Somehow, a Nebraska touchdown was worth just four points. Rattler impressed in his next drive, taking the Sooners on another touchdown drive and only faced one third down. Rattler was dealing and Nebraska needed another response from Martinez.
Immediately, freshman wide receiver Zavier Betts found a Martinez deep ball for 55 yards and an additional facemask penalty afterward that took Nebraska from its own 13-yard line to Oklahoma’s 24-yard line. After that, Martinez struggled in part with his offensive line not being able to hold up, as he was sacked almost immediately on a 3rd-and-11.
Sooner sophomore cornerback D.J. Graham then pulled the interception of the year, using one hand to pick off a desperate Martinez throw on 4th-and-17 that would ultimately help the Huskers. The defense promptly forced a three-and-out and Martinez once again answered the bell.
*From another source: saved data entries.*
(* Under the hypotheses and notation below, $$S^-(z;x,y;t):=\sum_{k\ge0}S^{[-k]}(x,y;t)z^k=\frac{\sqrt{D\,\Delta(\bar x)\,\Delta(z)}}{(1-z\bar x)K(x,y)}=\frac{\sqrt{\Delta(z)}}{1-z\bar x}\,S(x,y;t).$$
   Context: $\mathcal H=\{(k,0):k\le0\}$; $A\subset\mathbb{Z}^2$ is finite, symmetric ($(i,j)\in A\Rightarrow(i,-j)\in A$), with small height variations ($|j|\le1$), with $A_1\ne0$, and additionally reversal-symmetric ($(i,j)\in A\Rightarrow(-i,-j)\in A$). For $k\in\mathbb{Z}$, $a^{[k]}_{i,j}(n)$ is the number of walks $(w_0,\dots,w_n)$ with steps in $A$, $w_0=(k,0)$, $w_n=(i,j)$, and $w_m\notin\mathcal H$ for $1\le m\le n$; $S^{[k]}(x,y;t)=\sum_{n,i,j}a^{[k]}_{i,j}(n)x^iy^jt^n$, and $S=S^{[0]}$. $\bar x=1/x$, $\bar y=1/y$, $A_0(x)=\sum_{(i,0)\in A}x^i$, $A_1(x)=\sum_{(i,1)\in A}x^i$, $K(x,y)=1-tA_0(x)-t(y+\bar y)A_1(x)$, $\delta(x)=(1-tA_0(x))^2-4t^2A_1(x)^2$, and $(D,\Delta(x),\bar\Delta(\bar x))$ its canonical factorization (unique triple of power series in $t$ with $\delta=D\Delta(x)\bar\Delta(\bar x)$, $D$ real coefficients, $\Delta(x)$ coefficients in $\mathbb{R}[x]$, $\bar\Delta(\bar x)$ in $\mathbb{R}[\bar x]$, all normalized to $1$ at $t=0$ and $\Delta(0;t)=\bar\Delta(0;t)=1$); under reversal symmetry $\bar\Delta(\bar x)=\Delta(\bar x)$. Square roots have constant term $1$; $1/K$ is expanded in $t$. *)

theory Defs
  imports Complex_Main
begin

text \<open>Formal series in t, z (nonnegative exponents) with Laurent coefficients in x, y.
  A series F is represented by its coefficient function: F n k i j is the
  coefficient of t^n z^k x^i y^j.\<close>

type_synonym ser = "nat \<Rightarrow> nat \<Rightarrow> int \<Rightarrow> int \<Rightarrow> real"

definition ser_good :: "ser \<Rightarrow> bool" where
  "ser_good f \<longleftrightarrow> (\<forall>n k. finite {p. f n k (fst p) (snd p) \<noteq> 0})"

definition ser_one :: ser where
  "ser_one n k i j = (if n = 0 \<and> k = 0 \<and> i = 0 \<and> j = 0 then 1 else 0)"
Senior wide receiver Samori Toure took Oklahoma’s punt to the opposing 38-yard line. After surviving another broken pocket on second-and-three, Martinez found Manning for a 21-yard touchdown and Nebraska finally made its first extra point.
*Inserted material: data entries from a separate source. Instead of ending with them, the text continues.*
definition sym_mode :: "complex \<Rightarrow> complex \<Rightarrow> real \<Rightarrow> state" where
  "sym_mode \<mu> V t = (mode \<mu> 1 t, mode \<mu> \<mu> t, mode \<mu> 1 t, mode \<mu> \<mu> t,
                     mode \<mu> V t, mode \<mu> (V * \<mu>) t, mode \<mu> V t, mode \<mu> (V * \<mu>) t)"

lemma linQ_scaleR: "linQ lam M l m g k rho (c *\<^sub>R y) = c *\<^sub>R linQ lam M l m g k rho y"
  by (simp add: linQ_def Let_def algebra_simps split: prod.splits)

(* If (mu, V) solves the characteristic equations of the in-phase motion (pendulum equation
   and support equation, where the spring force cancels since x1 = x2), every multiple of the
   in-phase mode solves y' = Q y. *)
lemma sym_mode_solves_linQ:
  assumes char_pendulum: "\<mu> * \<mu> = of_real (- (g / l) * (1 + m / M))
      + of_real (2 * lam * (1 / (M * l) + 1 / (m * l))) * \<mu> + of_real (2 * rho / (M * l)) * (V * \<mu>)"
    and char_support: "V * \<mu> * \<mu> = of_real (m * g / M) - of_real (2 * lam / M) * \<mu>
      - of_real (2 * rho / M) * (V * \<mu>)"
  shows "((\<lambda>t. C *\<^sub>R sym_mode \<mu> V t) has_vector_derivative
           linQ lam M l m g k rho (C *\<^sub>R sym_mode \<mu> V t)) (at t within S)"
proof -
  have "(sym_mode \<mu> V has_vector_derivative
      (mode \<mu> (1 * \<mu>) t, mode \<mu> (\<mu> * \<mu>) t, mode \<mu> (1 * \<mu>) t, mode \<mu> (\<mu> * \<mu>) t,
       mode \<mu> (V * \<mu>) t, mode \<mu> (V * \<mu> * \<mu>) t, mode \<mu> (V * \<mu>) t, mode \<mu> (V * \<mu> * \<mu>) t))
      (at t within S)"
    unfolding sym_mode_def[abs_def]
    by (intro has_vector_derivative_Pair mode_deriv[unfolded has_real_derivative_iff_has_vector_derivative])
  also have "(mode \<mu> (1 * \<mu>) t, mode \<mu> (\<mu> * \<mu>) t, mode \<mu> (1 * \<mu>) t, mode \<mu> (\<mu> * \<mu>) t,
       mode \<mu> (V * \<mu>) t, mode \<mu> (V * \<mu> * \<mu>) t, mode \<mu> (V * \<mu>) t, mode \<mu> (V * \<mu> * \<mu>) t)
      = linQ lam M l m g k rho (sym_mode \<mu> V t)"
    unfolding char_pendulum char_support mult_1_left
    by (simp only: mode_add mode_diff mode_of_real_mult mode_of_real)
      (simp add: linQ_def sym_mode_def Let_def algebra_simps)
  finally have "((\<lambda>t. C *\<^sub>R sym_mode \<mu> V t) has_vector_derivative
      C *\<^sub>R linQ lam M l m g k rho (sym_mode \<mu> V t)) (at t within S)"
    using has_vector_derivative_scaleR[OF DERIV_const] by simp
  then show ?thesis by (simp add: linQ_scaleR)
qed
The junior, tasked with dueling Rattler, was leading multiple successful drives with a combo of explosive plays and pinpoint passing. In total, Martinez went 19-for-25 with 289 yards and one touchdown while Rattler went 24-for-34 with 214 yards and one touchdown as well.
“Adrian and his resiliency and the heart that he plays with, it’s so easy to rally around that guy,” Domann said. “I love playing with him.”
The Husker defense, tasked with one final stop, fell on an old nemesis. The rush defense struggled containing the outside all afternoon, as it did back on Oklahoma’s first drive with Rattler, junior running backs Eric Gray and Kennedy Brooks each converting key first downs.
Still, the defense tightened up, and forced a punt with 1:03 left in the game. Unfortunately, Nebraska’s time management went awry as Nebraska could barely muster a play on its final drive, taking 57 seconds to run just four plays.
With another potential season-defining moment gone, the Huskers are 2-2 and came close to adding another piece of lore to the Oklahoma-Nebraska rivalry. But that’s what Nebraska seems to be under Frost: close.
“He [Oklahoma head coach Lincoln Riley] inherited it from coach Stoops and it was in good shape. He’s kept it rolling,” Frost said. “We’re trying to get back to that level and we showed today that we’re close.”